TASK DATA:
(* In the setting described in the context, for every ordered subset $J$ of $\{1,\ldots,|L|\}$ with $1\leqslant |J|\leqslant n-1$, the line $\ell_J$ and the point $p_J$ are well-defined (that is, the intersections defining them are a line, respectively a point). Distinct ordered subsets $J$ give distinct lines $\ell_J$ and distinct points $p_J$. Furthermore, the line $\ell_J$ intersects $\pi_{|J|+1}$ in the point $p_J$.
   Context: Let ${\mathbb K}$ be a field, $n\geqslant 2$, and consider the projective space $\mathrm{PG}_n({\mathbb K})$. For two non-intersecting subspaces $x,y$, $x\oplus y$ denotes the subspace they span. Fix points $x_0,x_1,\ldots,x_n$ of $\mathrm{PG}_n({\mathbb K})$ in general position and put $\Sigma_i=x_0\oplus x_1\oplus\cdots\oplus x_i$ and $\pi_i=x_1\oplus\cdots\oplus x_i$ for $i=1,\ldots,n$. For $i=3,\ldots,n$ let $y_i$ be a point on the line $x_{i-1}\oplus x_i$ different from $x_{i-1}$ and $x_i$. Let $L$ be a finite set of lines of the plane $\Sigma_2$ which meet the line $\pi_2$ in pairwise distinct points, all different from $x_2$. Label the lines of $L$ as $\ell_{\{1\}},\ldots,\ell_{\{|L|\}}$ and put $p_{\{i\}}=\ell_{\{i\}}\cap\pi_2$. An ordered subset $J$ of $\{1,\ldots,|L|\}$ is a finite sequence of distinct elements of $\{1,\ldots,|L|\}$; if $|J|\geqslant 2$ write $J=(\ldots,b,a)$ where $a$ is the last and $b$ the second-to-last element, and let $J\setminus\{a\}$, $J\setminus\{b\}$ be the ordered subsets obtained by deleting $a$, respectively $b$ (keeping the order). For $2\leqslant |J|\leqslant n-1$ define recursively $$\ell_J=(x_{|J|+1}\oplus \ell_{J\setminus\{a\}})\cap(y_{|J|+1}\oplus \ell_{J\setminus\{b\}}),\qquad p_J=(x_{|J|+1}\oplus p_{J\setminus\{a\}})\cap(y_{|J|+1}\oplus p_{J\setminus\{b\}}).$$ *)

theory Defs
  imports Complex_Main "HOL-Library.Function_Algebras"
begin

text \<open>Vectors of the underlying vector space K^(n+1) are modelled as functions
  nat => 'k supported on {0..n}. Projective subspaces of PG_n(K) are modelled as
  linear subspaces of this space; projective dimension = linear dimension - 1.\<close>

definition fscale :: "'k::field \<Rightarrow> (nat \<Rightarrow> 'k) \<Rightarrow> (nat \<Rightarrow> 'k)" where
  "fscale c v = (\<lambda>i. c * v i)"

lemma vector_space_fscale: "vector_space (fscale :: 'k::field \<Rightarrow> _)"
  by (unfold_locales; simp add: fscale_def fun_eq_iff algebra_simps)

WORK REQUEST:
From the records above, return each line that has the string "modelled".

ANSWER FOR THIS EXERCISE:
text \<open>Vectors of the underlying vector space K^(n+1) are modelled as functions
  nat => 'k supported on {0..n}. Projective subspaces of PG_n(K) are modelled as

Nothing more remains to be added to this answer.